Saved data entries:
☆ ☆ ☆ ☆ ☆ ☆ ☆

(* Let $G$ and $H$ be connected graphs such that $G_{SR}$ and $H_{SR}$ are vertex-transitive. Then $$dim_s(G\square H)=\min\{|\partial(G)|\,dim_s(H),\ |\partial(H)|\,dim_s(G)\}.$$
   Context: Graphs are finite, simple, undirected; for connected $G$, $d_G$ is the shortest-path distance and $I_G[u,v]$ is the set of vertices lying on some shortest $u$–$v$ path. A vertex $w$ strongly resolves vertices $u,v$ if $v\in I_G[u,w]$ or $u\in I_G[v,w]$. A strong resolving set of $G$ is a set $S\subseteq V(G)$ such that every pair of vertices is strongly resolved by some vertex of $S$; $dim_s(G)$ is the minimum cardinality of such a set. A vertex $u$ is maximally distant from $v$ if $d_G(v,w)\le d_G(u,v)$ for every neighbor $w$ of $u$; distinct $u,v$ are mutually maximally distant if each is maximally distant from the other. The boundary $\partial(G)$ is the set of vertices mutually maximally distant with some vertex. The strong resolving graph $G_{SR}$ has vertex set $\partial(G)$, two vertices adjacent iff they are mutually maximally distant in $G$. $G\square H$ denotes the Cartesian product: vertex set $V(G)\times V(H)$, $(a,b)\sim(c,d)$ iff ($a=c$ and $bd\in E(H)$) or ($b=d$ and $ac\in E(G)$). *)

theory Defs
  imports Main
begin

definition graph :: "'a set \<Rightarrow> ('a \<times> 'a) set \<Rightarrow> bool" where
  "graph V E \<longleftrightarrow> finite V \<and> E \<subseteq> V \<times> V \<and> sym E \<and> irrefl E"

definition connected_graph :: "'a set \<Rightarrow> ('a \<times> 'a) set \<Rightarrow> bool" where
  "connected_graph V E \<longleftrightarrow> graph V E \<and> (\<forall>u\<in>V. \<forall>v\<in>V. (u, v) \<in> E\<^sup>*)"

definition gdist :: "('a \<times> 'a) set \<Rightarrow> 'a \<Rightarrow> 'a \<Rightarrow> nat" where
  "gdist E u v = (LEAST n. (u, v) \<in> E ^^ n)"

definition interval :: "'a set \<Rightarrow> ('a \<times> 'a) set \<Rightarrow> 'a \<Rightarrow> 'a \<Rightarrow> 'a set" where
  "interval V E u v = {w \<in> V. gdist E u w + gdist E w v = gdist E u v}"

definition strongly_resolves :: "'a set \<Rightarrow> ('a \<times> 'a) set \<Rightarrow> 'a \<Rightarrow> 'a \<Rightarrow> 'a \<Rightarrow> bool" where
  "strongly_resolves V E w u v \<longleftrightarrow> v \<in> interval V E u w \<or> u \<in> interval V E v w"

definition strong_resolving_set :: "'a set \<Rightarrow> ('a \<times> 'a) set \<Rightarrow> 'a set \<Rightarrow> bool" where
  "strong_resolving_set V E S \<longleftrightarrow> S \<subseteq> V \<and>
     (\<forall>u\<in>V. \<forall>v\<in>V. u \<noteq> v \<longrightarrow> (\<exists>w\<in>S. strongly_resolves V E w u v))"

definition strong_metric_dim :: "'a set \<Rightarrow> ('a \<times> 'a) set \<Rightarrow> nat" where
  "strong_metric_dim V E = (LEAST n. \<exists>S. strong_resolving_set V E S \<and> card S = n)"

definition max_distant :: "'a set \<Rightarrow> ('a \<times> 'a) set \<Rightarrow> 'a \<Rightarrow> 'a \<Rightarrow> bool" where
  "max_distant V E u v \<longleftrightarrow> (\<forall>w. (u, w) \<in> E \<longrightarrow> gdist E v w \<le> gdist E u v)"

definition mutually_max_distant :: "'a set \<Rightarrow> ('a \<times> 'a) set \<Rightarrow> 'a \<Rightarrow> 'a \<Rightarrow> bool" where
  "mutually_max_distant V E u v \<longleftrightarrow> u \<in> V \<and> v \<in> V \<and> u \<noteq> v \<and>
     max_distant V E u v \<and> max_distant V E v u"

definition boundary :: "'a set \<Rightarrow> ('a \<times> 'a) set \<Rightarrow> 'a set" where
  "boundary V E = {u \<in> V. \<exists>v\<in>V. mutually_max_distant V E u v}"

text \<open>Edge relation of the strong resolving graph (its vertex set is boundary V E).\<close>
definition sr_edges :: "'a set \<Rightarrow> ('a \<times> 'a) set \<Rightarrow> ('a \<times> 'a) set" where
  "sr_edges V E = {(u, v). u \<in> boundary V E \<and> v \<in> boundary V E \<and> mutually_max_distant V E u v}"

definition vertex_transitive :: "'a set \<Rightarrow> ('a \<times> 'a) set \<Rightarrow> bool" where
  "vertex_transitive V E \<longleftrightarrow> (\<forall>u\<in>V. \<forall>v\<in>V. \<exists>f. bij_betw f V V \<and>
     (\<forall>x\<in>V. \<forall>y\<in>V. (x, y) \<in> E \<longleftrightarrow> (f x, f y) \<in> E) \<and> f u = v)"

definition cart_edges :: "'a set \<Rightarrow> ('a \<times> 'a) set \<Rightarrow> 'b set \<Rightarrow> ('b \<times> 'b) set
    \<Rightarrow> (('a \<times> 'b) \<times> ('a \<times> 'b)) set" where
  "cart_edges VG EG VH EH = {((a, b), (c, d)). a \<in> VG \<and> c \<in> VG \<and> b \<in> VH \<and> d \<in> VH \<and>
     ((a = c \<and> (b, d) \<in> EH) \<or> (b = d \<and> (a, c) \<in> EG))}"

end

theory Submission
  imports Defs "HOL-Library.FuncSet"
begin

text \<open>By Oellermann and Peters-Fransen, the strong resolving sets of a connected graph are exactly
  the vertex covers of its strong resolving graph, so dim_s(G) is the vertex cover number of G_SR.
  Distances in G \<box> H are sums of the distances in the factors, hence two vertices of G \<box> H are
  mutually maximally distant iff their coordinates are, i.e. (G \<box> H)_SR is the tensor product
  G_SR \<times> H_SR.  For vertex-transitive graphs A and B, Zhang's theorem
  \<alpha>(A \<times> B) = max (\<alpha>(A) |B|) (\<alpha>(B) |A|) on independence numbers gives, after complementing,
  \<beta>(A \<times> B) = min (|A| \<beta>(B)) (|B| \<beta>(A)) for the vertex cover numbers.  Zhang's proof rests on the
  inequality |V| |X| \<le> \<alpha> |N[X]| for independent sets X of a vertex-transitive graph, obtained by
  averaging a maximum independent set over the automorphism group.\<close>

section \<open>Vertex covers and independent sets\<close>

definition independent_set :: "'a set \<Rightarrow> ('a \<times> 'a) set \<Rightarrow> 'a set \<Rightarrow> bool" where
  "independent_set V R J \<longleftrightarrow> J \<subseteq> V \<and> (\<forall>x\<in>J. \<forall>y\<in>J. (x, y) \<notin> R)"

definition vertex_cover :: "'a set \<Rightarrow> ('a \<times> 'a) set \<Rightarrow> 'a set \<Rightarrow> bool" where
  "vertex_cover V R S \<longleftrightarrow> S \<subseteq> V \<and> (\<forall>(x, y)\<in>R. x \<in> S \<or> y \<in> S)"

definition cover_number :: "'a set \<Rightarrow> ('a \<times> 'a) set \<Rightarrow> nat" where
  "cover_number V R = (LEAST n. \<exists>S. vertex_cover V R S \<and> card S = n)"

definition closed_nbhd :: "('a \<times> 'a) set \<Rightarrow> 'a set \<Rightarrow> 'a set" where
  "closed_nbhd R A = A \<union> R `` A"

lemma cover_number_le:
  "vertex_cover V R S \<Longrightarrow> cover_number V R \<le> card S"
  unfolding cover_number_def by (blast intro: Least_le)

lemma vertex_cover_self: "R \<subseteq> V \<times> V \<Longrightarrow> vertex_cover V R V"
  unfolding vertex_cover_def by blast

lemma obtain_minimum_vertex_cover:
  assumes "R \<subseteq> V \<times> V"
  obtains S where "vertex_cover V R S" "card S = cover_number V R"
  using LeastI_ex[of "\<lambda>n. \<exists>S. vertex_cover V R S \<and> card S = n"] vertex_cover_self[OF assms]
  unfolding cover_number_def by blast

lemma cover_number_le_card: "R \<subseteq> V \<times> V \<Longrightarrow> cover_number V R \<le> card V"
  by (rule cover_number_le[OF vertex_cover_self])

lemma vertex_cover_Diff_independent_set:
  "R \<subseteq> V \<times> V \<Longrightarrow> independent_set V R J \<Longrightarrow> vertex_cover V R (V - J)"
  unfolding vertex_cover_def independent_set_def by blast

lemma independent_set_Diff_vertex_cover:
  "vertex_cover V R S \<Longrightarrow> independent_set V R (V - S)"
  unfolding vertex_cover_def independent_set_def by blast

lemma card_independent_set_le:
  assumes "finite V" "R \<subseteq> V \<times> V" "independent_set V R J"
  shows "card J \<le> card V - cover_number V R"
proof -
  have "J \<subseteq> V" using assms(3) unfolding independent_set_def by blast
  then have "card (V - J) = card V - card J" "card J \<le> card V"
    using assms(1) by (auto simp: card_Diff_subset finite_subset card_mono)
  moreover have "cover_number V R \<le> card (V - J)"
    using cover_number_le vertex_cover_Diff_independent_set assms(2,3) by blast
  ultimately show ?thesis by linarith
qed

lemma obtain_maximum_independent_set:
  assumes "finite V" "R \<subseteq> V \<times> V"
  obtains J where "independent_set V R J" "card J = card V - cover_number V R"
proof -
  obtain S where S: "vertex_cover V R S" "card S = cover_number V R"
    using obtain_minimum_vertex_cover[OF assms(2)] by blast
  have "S \<subseteq> V" using S(1) unfolding vertex_cover_def by blast
  then have "card (V - S) = card V - cover_number V R"
    using assms(1) S(2) by (simp add: card_Diff_subset finite_subset)
  then show ?thesis using that independent_set_Diff_vertex_cover[OF S(1)] by blast
qed

lemma closed_nbhd_subset: "R \<subseteq> V \<times> V \<Longrightarrow> A \<subseteq> V \<Longrightarrow> closed_nbhd R A \<subseteq> V"
  unfolding closed_nbhd_def by blast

☆ ☆ ☆ ☆ ☆ ☆ ☆

**Problem statement**
Lines holding the string "numbers" must be copied out of the entries above.

**Output of the exercise**
  \<alpha>(A \<times> B) = max (\<alpha>(A) |B|) (\<alpha>(B) |A|) on independence numbers gives, after complementing,
  \<beta>(A \<times> B) = min (|A| \<beta>(B)) (|B| \<beta>(A)) for the vertex cover numbers.  Zhang's proof rests on the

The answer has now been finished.